I play most games in a no save scum not change choices similar to an iron mode. Could you add it like a hard mode and put an achievement with it I am sure it would attract replay value. And in highlights saying I have a hardcore mode sells.
Just by creating three copies of each permanent variable, and writing up a system of menus. To save a slot, the game would set all permanent variables to that of the first copy, and to load a slot, the game would refer to the first copy and adjust the value of all permanent variables based on that. I haven’t tried the checkpoint function, but my method allows players to preview save data before loading it.
I wanted to disable saving on the hardest difficulty, but later decided against it. I was too kind.
(I ran out of likes. Will distribute more tomorrow)
Out of nowhere, the sky lights up, green and red arcs crackling and dancing across the Milky Way like a curtain in the wind, causing the bustling streets to turn into a full-scaled traffic jam, as more and more people stop and turn to look up at the sight.

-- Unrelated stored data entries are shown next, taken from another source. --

(* Let $\mathcal{T}$ be a finite set and let $\mathbf{p}_0, \mathbf{p}_1, \mathbf{q}$ be probability measures on $\mathcal{T}$. For probability measures $\mathbf{r},\mathbf{s}$ on $\mathcal{T}$ write $\mathbf{h}_{\mathbf{r},\mathbf{s}}(x) = \mathbf{s}(x) - \mathbf{r}(x)$. Let $\sqsubset$ be a strict total order on $\mathcal{T}$ such that $\mathbf{h}_{\mathbf{p}_0,\mathbf{q}}(x) > \mathbf{h}_{\mathbf{p}_0,\mathbf{q}}(x')$ implies $x \sqsubset x'$, and $\mathbf{h}_{\mathbf{p}_0,\mathbf{q}}(x) < \mathbf{h}_{\mathbf{p}_0,\mathbf{q}}(x')$ implies $x' \sqsubset x$. Suppose further that whenever $\mathbf{h}_{\mathbf{p}_0,\mathbf{p}_1}(x) > 0$ and $\mathbf{h}_{\mathbf{p}_0,\mathbf{p}_1}(y) \le 0$, we have $x \sqsubset y$. For a probability measure $\mathbf{p}$ on $\mathcal{T}$, let $X_\mathbf{p} \sim \mathbf{p}$ and $Y_\mathbf{q} \sim \mathbf{q}$ be independent and define $R_{\mathbf{p},\mathbf{q}}$ to be $0$ if $Y_\mathbf{q} \sqsubset X_\mathbf{p}$, $1$ if $X_\mathbf{p} \sqsubset Y_\mathbf{q}$, and an independent $\mathrm{Bernoulli}(1/2)$ random variable if $X_\mathbf{p} = Y_\mathbf{q}$. Then $\Pr[R_{\mathbf{p}_0,\mathbf{q}} = 0] \ge \Pr[R_{\mathbf{p}_1,\mathbf{q}} = 0]$. *)

theory Defs
  imports "HOL-Probability.Probability"
begin

definition hdiff :: "'a pmf \<Rightarrow> 'a pmf \<Rightarrow> 'a \<Rightarrow> real" where
  "hdiff r s x = pmf s x - pmf r x"

definition R_pmf :: "('a \<times> 'a) set \<Rightarrow> 'a pmf \<Rightarrow> 'a pmf \<Rightarrow> nat pmf" where
  "R_pmf ord p q =
     do { x \<leftarrow> p; y \<leftarrow> q;
          if (y, x) \<in> ord then return_pmf 0
          else if (x, y) \<in> ord then return_pmf 1
          else map_pmf (\<lambda>b. if b then 1 else 0) (bernoulli_pmf (1/2)) }"

end

theory Submission
  imports Defs
begin

text \<open>Conditioning on X and Y, Pr[R = 0] is the average of a tie-break weight that is
  monotone along the order in its first argument. Moving mass from p0 to p1 only moves it
  from order-earlier to order-later points, so by an Abel-type comparison against a
  threshold value that average can only decrease.\<close>

definition R_zero_weight :: "('a \<times> 'a) set \<Rightarrow> 'a \<Rightarrow> 'a \<Rightarrow> real" where
  "R_zero_weight ord x y = (if (y, x) \<in> ord then 1 else if (x, y) \<in> ord then 0 else 1/2)"

lemma pmf_R_pmf_zero:
  assumes "finite T" "set_pmf p \<subseteq> T" "set_pmf q \<subseteq> T"
  shows "pmf (R_pmf ord p q) 0 = (\<Sum>x\<in>T. pmf p x * (\<Sum>y\<in>T. pmf q y * R_zero_weight ord x y))"
proof -
  have coin: "pmf (map_pmf (\<lambda>b. if b then 1 else 0) (bernoulli_pmf (1/2))) (0::nat) = 1/2"
  proof -
    have "{x. \<not> x} = {False}" by auto
    then show ?thesis by (simp add: pmf_map vimage_def measure_pmf_single)
  qed
  have inner: "pmf (bind_pmf q (\<lambda>y. if (y, x) \<in> ord then return_pmf 0
          else if (x, y) \<in> ord then return_pmf 1
          else map_pmf (\<lambda>b. if b then 1 else 0) (bernoulli_pmf (1/2)))) (0::nat)
        = (\<Sum>y\<in>T. pmf q y * R_zero_weight ord x y)" for x
    unfolding pmf_bind
    by (subst integral_measure_pmf[OF assms(1)])
      (use assms(3) coin in \<open>auto simp: R_zero_weight_def intro!: sum.cong\<close>)
  show ?thesis
    unfolding R_pmf_def pmf_bind
    by (subst integral_measure_pmf[OF assms(1)])
      (use assms(2) in \<open>auto simp: inner[unfolded pmf_bind]\<close>)
qed

lemma R_zero_weight_mono:
  assumes "strict_linear_order_on T ord" "x \<in> T" "x' \<in> T" "y \<in> T" "(x, x') \<in> ord"
  shows "R_zero_weight ord x y \<le> R_zero_weight ord x' y"
proof -
  have "trans ord" "irrefl ord" "total_on T ord"
    using assms(1) by (auto simp: strict_linear_order_on_def)
  show ?thesis
  proof (cases "(y, x) \<in> ord")
    case True
    with \<open>trans ord\<close> assms(5) have "(y, x') \<in> ord" by (meson transD)
    then show ?thesis by (simp add: R_zero_weight_def)
  next
    case False
    with \<open>irrefl ord\<close> \<open>total_on T ord\<close> assms(2,4,5) have "(x, y) \<in> ord \<or> y = x"
      by (auto simp: total_on_def)
    with False \<open>irrefl ord\<close> assms(5) show ?thesis
      by (auto simp: R_zero_weight_def irrefl_def)
  qed
qed

text \<open>Subtracting a constant c that separates the values of f on the positive part of h
  from those on the rest makes every summand nonpositive, and costs nothing since h sums
  to zero.\<close>

lemma sum_mult_nonpos_if_sign_separated:
  fixes h f :: "'a \<Rightarrow> real"
  assumes "finite T" "(\<Sum>x\<in>T. h x) = 0"
    and separated: "\<And>x y. x \<in> T \<Longrightarrow> y \<in> T \<Longrightarrow> h x > 0 \<Longrightarrow> h y \<le> 0 \<Longrightarrow> f x \<le> f y"
  shows "(\<Sum>x\<in>T. h x * f x) \<le> 0"
proof -
  define P where "P = {x\<in>T. h x > 0}"
  define c where "c = (if P = {} then Min (f ` T) else Max (f ` P))"
  have "finite P" using assms(1) by (simp add: P_def)
  have summand: "h x * (f x - c) \<le> 0" if "x \<in> T" for x
  proof (cases "h x > 0")
    case True
    then have "f x \<le> c" using \<open>finite P\<close> that by (auto simp: c_def P_def)
    with True show ?thesis by (simp add: mult_nonneg_nonpos)
  next
    case False
    have "c \<le> f x"
    proof (cases "P = {}")
      case True
      then show ?thesis using that assms(1) by (simp add: c_def)
    next
      case False
      then have "c \<in> f ` P" using \<open>finite P\<close> by (simp add: c_def)
      then obtain x0 where "x0 \<in> P" "c = f x0" by blast
      then show ?thesis using separated[of x0 x] that \<open>\<not> h x > 0\<close> by (simp add: P_def)
    qed
    with False show ?thesis by (simp add: mult_nonpos_nonneg)
  qed
  have "(\<Sum>x\<in>T. h x * f x) = (\<Sum>x\<in>T. h x * (f x - c)) + c * (\<Sum>x\<in>T. h x)"
    by (simp add: algebra_simps sum.distrib sum_distrib_left sum_subtractf)
  also have "\<dots> \<le> 0" using assms(2) summand by (simp add: sum_nonpos)
  finally show ?thesis .
qed

theorem lemmaA17:
  fixes T :: "'a set" and p0 p1 q :: "'a pmf" and ord :: "('a \<times> 'a) set"
  assumes "finite T"
    and "set_pmf p0 \<subseteq> T" and "set_pmf p1 \<subseteq> T" and "set_pmf q \<subseteq> T"
    and "ord \<subseteq> T \<times> T" and "strict_linear_order_on T ord"
    and "\<And>x x'. x \<in> T \<Longrightarrow> x' \<in> T \<Longrightarrow> hdiff p0 q x > hdiff p0 q x' \<Longrightarrow> (x, x') \<in> ord"
    and "\<And>x x'. x \<in> T \<Longrightarrow> x' \<in> T \<Longrightarrow> hdiff p0 q x < hdiff p0 q x' \<Longrightarrow> (x', x) \<in> ord"
    and "\<And>x y. x \<in> T \<Longrightarrow> y \<in> T \<Longrightarrow> hdiff p0 p1 x > 0 \<Longrightarrow> hdiff p0 p1 y \<le> 0 \<Longrightarrow> (x, y) \<in> ord"
  shows "pmf (R_pmf ord p0 q) 0 \<ge> pmf (R_pmf ord p1 q) 0"
proof -
  define f where "f x = (\<Sum>y\<in>T. pmf q y * R_zero_weight ord x y)" for x
  have f_mono: "f x \<le> f x'" if "x \<in> T" "x' \<in> T" "(x, x') \<in> ord" for x x'
    unfolding f_def using R_zero_weight_mono[OF assms(6) that(1,2) _ that(3)] assms(4)
    by (intro sum_mono mult_left_mono) auto
  have "(\<Sum>x\<in>T. hdiff p0 p1 x) = 0"
    using sum_pmf_eq_1[OF assms(1,2)] sum_pmf_eq_1[OF assms(1,3)]
    by (simp add: hdiff_def sum_subtractf)
  then have "(\<Sum>x\<in>T. hdiff p0 p1 x * f x) \<le> 0"
    using assms(1,9) f_mono by (intro sum_mult_nonpos_if_sign_separated) auto
  moreover have "(\<Sum>x\<in>T. hdiff p0 p1 x * f x) = (\<Sum>x\<in>T. pmf p1 x * f x) - (\<Sum>x\<in>T. pmf p0 x * f x)"
    by (simp add: hdiff_def algebra_simps sum_subtractf)
  ultimately show ?thesis
    using pmf_R_pmf_zero[OF assms(1,2,4)] pmf_R_pmf_zero[OF assms(1,3,4)] by (simp add: f_def)
qed

end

”What on Earth,” Nordvarg says. ”Aren’t we too south for Foxfires? …what’re they called in English, anyway?”
”Aurora Borealis,” Vintervarg says.
”That’s not English.” Nordvarg scratches her temple. ”That’s Latin.”
”Foxfires,” Kokko mutters absentmindedly, then snapping their attention back to the surroundings, blinking like an owl in the headlights. ”Eldräven. Reven’s in trouble.”
You’re very impressive to not save scum A hard mode would be a fun achievement! Like Honor Mode in Baldur’s Gate 3.
@ChanceOfFire I’ve bookmarked your post so I can remember how to set up save slots. I think I’d want to test it out on a smaller game first before tacking it onto a bigger project. Thanks for telling me how to make it possible!